• **Problem to work on**
Calculate how many lines of the data hold "bool". The answer consists of that number only.

Dataset items:
###

lemma phi_lam_scaleR:
  "phi_lam A Q C1 C2 R l1 l2 k K K1 K2 (c *\<^sub>R X)
     = c *\<^sub>R phi_lam A Q C1 C2 R l1 l2 k K K1 K2 X
       + (1 - c) *\<^sub>R phi_lam A Q C1 C2 R l1 l2 k K K1 K2 0"
  by (subst (1 2) phi_lam_affine) (simp add: phi_lam_linear_part_scaleR algebra_simps)

lemma phi_lam_mono:
  fixes A :: "nat \<Rightarrow> real^'n^'n"
  assumes "loewner_le X Y" "0 \<le> l1" "l1 \<le> 1" "0 \<le> l2" "l2 \<le> 1"
  shows "loewner_le (phi_lam A Q C1 C2 R l1 l2 k K K1 K2 X) (phi_lam A Q C1 C2 R l1 l2 k K K1 K2 Y)"
  unfolding loewner_le_def
proof
  fix x
  have weights: "0 \<le> (1 - l1) * (1 - l2)" "0 \<le> l1 * l2" "0 \<le> l1 * (1 - l2)" "0 \<le> (1 - l1) * l2"
    using assms(2-5) by simp_all
  have "quad_form (B ** X ** transpose B) x \<le> quad_form (B ** Y ** transpose B) x" for B :: "real^'n^'n"
    using assms(1) by (simp add: loewner_le_def quad_form_congruence)
  then show "quad_form (phi_lam A Q C1 C2 R l1 l2 k K K1 K2 X) x
      \<le> quad_form (phi_lam A Q C1 C2 R l1 l2 k K K1 K2 Y) x"
    unfolding phi_lam_def lyap_term_def quad_form_add quad_form_scaleR
    using weights by (metis add_mono order_refl mult_left_mono)
qed

lemma pos_semidef_phi_lam:
  assumes "pos_semidef X" "pos_semidef Q" "pos_def R" "0 \<le> l1" "l1 \<le> 1" "0 \<le> l2" "l2 \<le> 1"
  shows "pos_semidef (phi_lam A Q C1 C2 R l1 l2 k K K1 K2 X)"
  unfolding phi_lam_def
  using assms pos_def_blk11[OF assms(3)] pos_def_blk22[OF assms(3)]
  by (intro pos_semidef_add pos_semidef_scaleR pos_semidef_lyap_term pos_semidef_congruence)
    (simp_all add: pos_def_imp_pos_semidef)
(* Let $q\geq 3$ and $n\ge 2$. The graph with vertex set $\mathcal{HGL}_n(\mathbb{F}_{q^2})$, in which $A,B$ are joined by an edge iff $\operatorname{rank}(A-B)=1$, is connected.
   Context: $\mathbb{F}_{q^2}$ is the field with $q^2$ elements with involution $\bar x=x^q$; $X^\ast=\bar X^\top$; $A$ is hermitian if $A^\ast=A$; $\mathcal{HGL}_n(\mathbb{F}_{q^2})$ is the set of invertible $n\times n$ hermitian matrices over $\mathbb{F}_{q^2}$. *)

theory Defs
  imports "Jordan_Normal_Form.DL_Rank"
begin

text \<open>The involution of F_{q^2}: conjugation x maps to x^q.\<close>
definition qbar :: "nat \<Rightarrow> 'a::field \<Rightarrow> 'a" where
  "qbar q x = x ^ q"

definition conj_transpose :: "nat \<Rightarrow> 'a::field mat \<Rightarrow> 'a mat" where
  "conj_transpose q A = transpose_mat (map_mat (qbar q) A)"

definition hermitian_mat :: "nat \<Rightarrow> 'a::field mat \<Rightarrow> bool" where
  "hermitian_mat q A \<longleftrightarrow> conj_transpose q A = A"

definition HGL :: "nat \<Rightarrow> nat \<Rightarrow> 'a::field mat set" where
  "HGL q n = {A. A \<in> carrier_mat n n \<and> hermitian_mat q A \<and> invertible_mat A}"

definition HGL_adj :: "nat \<Rightarrow> nat \<Rightarrow> 'a::field mat \<Rightarrow> 'a mat \<Rightarrow> bool" where
  "HGL_adj q n A B \<longleftrightarrow> A \<in> HGL q n \<and> B \<in> HGL q n \<and> vec_space.rank n (A - B) = 1"

end

theory Submission
  imports
    Defs
    "HOL-Computational_Algebra.Primes"
    "HOL-Number_Theory.Cong"
    "Jordan_Normal_Form.DL_Rank_Submatrix"
begin

(* Write the hermitian matrix B - A as a sum of rank-one hermitian matrices c f f* with c in F_q
   (first killing the diagonal entries with f a unit vector, then each off-diagonal pair with
   f = e_i + H_ji e_j). One such term is peeled off by choosing d in F_q such that A + d f f* and
   B + (d - c) f f* are both invertible: these two matrices are at rank distance at most one from
   A and B, and their difference is the remaining sum. By the matrix determinant lemma each
   determinant vanishes for at most one value of d, so the q >= 3 elements of F_q suffice.
   That F_q, the fixed field of x |-> x^q, is that large, and that x |-> x^q is additive, both rest
   on |F| = q^2 being a power of the characteristic. *)

section \<open>Finite fields\<close>

lemma power_card_eq_self:
  fixes x :: "'a::{finite,field}"
  shows "x ^ card (UNIV :: 'a set) = x"
proof (cases "x = 0")
  case False
  have "x * (\<Prod>y\<in>UNIV-{0}. x * y) = x * x ^ (card (UNIV :: 'a set) - 1) * \<Prod>(UNIV-{0})"
    by (simp add: prod.distrib mult_ac)
  also have "x * x ^ (card (UNIV :: 'a set) - 1) = x ^ card (UNIV :: 'a set)"
    using finite_UNIV_card_ge_0[where ?'a = 'a] by (simp flip: power_Suc)
  also have "(\<Prod>y\<in>UNIV-{0}. x * y) = (\<Prod>y\<in>UNIV-{0}. y)"
    by (rule prod.reindex_bij_witness[of _ "\<lambda>y. y / x" "\<lambda>y. x * y"]) (use False in auto)
  finally show ?thesis
    by simp
qed (use finite_UNIV_card_ge_0[where ?'a = 'a] in auto)

lemma inverse_eq_power_card_minus_2:
  fixes a :: "'a::{finite,field}"
  assumes "a \<noteq> 0"
  shows "inverse a = a ^ (card (UNIV :: 'a set) - 2)"
proof (rule inverse_unique)
  let ?N = "card (UNIV :: 'a set)"
  have "card {0, 1::'a} \<le> ?N"
    by (rule card_mono) auto
  then have "?N = Suc (Suc (?N - 2))"
    by simp
  then have "a * (a * a ^ (?N - 2)) = a * 1"
    using power_card_eq_self[of a] by (metis power_Suc mult_1_right)
  then show "a * a ^ (?N - 2) = 1"
    using assms by simp
qed

definition add_closed :: "'a::monoid_add set \<Rightarrow> bool" where
  "add_closed S \<longleftrightarrow> 0 \<in> S \<and> (\<forall>x\<in>S. \<forall>y\<in>S. x + y \<in> S)"

lemma add_closed_of_nat_mult:
  fixes S :: "'a::semiring_1 set"
  assumes "add_closed S" "t \<in> S"
  shows "of_nat m * t \<in> S"
  using assms by (induction m) (auto simp: add_closed_def distrib_right)

lemma add_closed_diff:
  fixes S :: "'a::{finite,ring_1} set"
  assumes S: "add_closed S" and "s \<in> S" "t \<in> S"
  shows "s - t \<in> S"
proof -
  have "CHAR('a) > 0"
    by (simp add: finite_imp_CHAR_pos)
  then have "- t = of_nat (CHAR('a) - 1) * t"
    by (simp add: of_nat_diff)
  then have "- t \<in> S"
    using add_closed_of_nat_mult[OF S \<open>t \<in> S\<close>] by metis
  then show ?thesis
    using S \<open>s \<in> S\<close> by (metis add_closed_def diff_conv_add_uminus)
qed

lemma add_closed_of_nat_mult_cancel:
  fixes S :: "'a::{finite,field} set"
  assumes "add_closed S" "of_nat k * x \<in> S" "(of_nat k :: 'a) \<noteq> 0"
  shows "x \<in> S"
proof -
  have "x = inverse (of_nat k) * (of_nat k * x)"
    using assms(3) by (simp add: mult.assoc[symmetric])
  also have "\<dots> = of_nat (k ^ (card (UNIV :: 'a set) - 2)) * (of_nat k * x)"
    using inverse_eq_power_card_minus_2[OF assms(3)] by simp
  finally show ?thesis
    using add_closed_of_nat_mult[OF assms(1,2)] by metis
qed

###

• **Response for this exercise**
3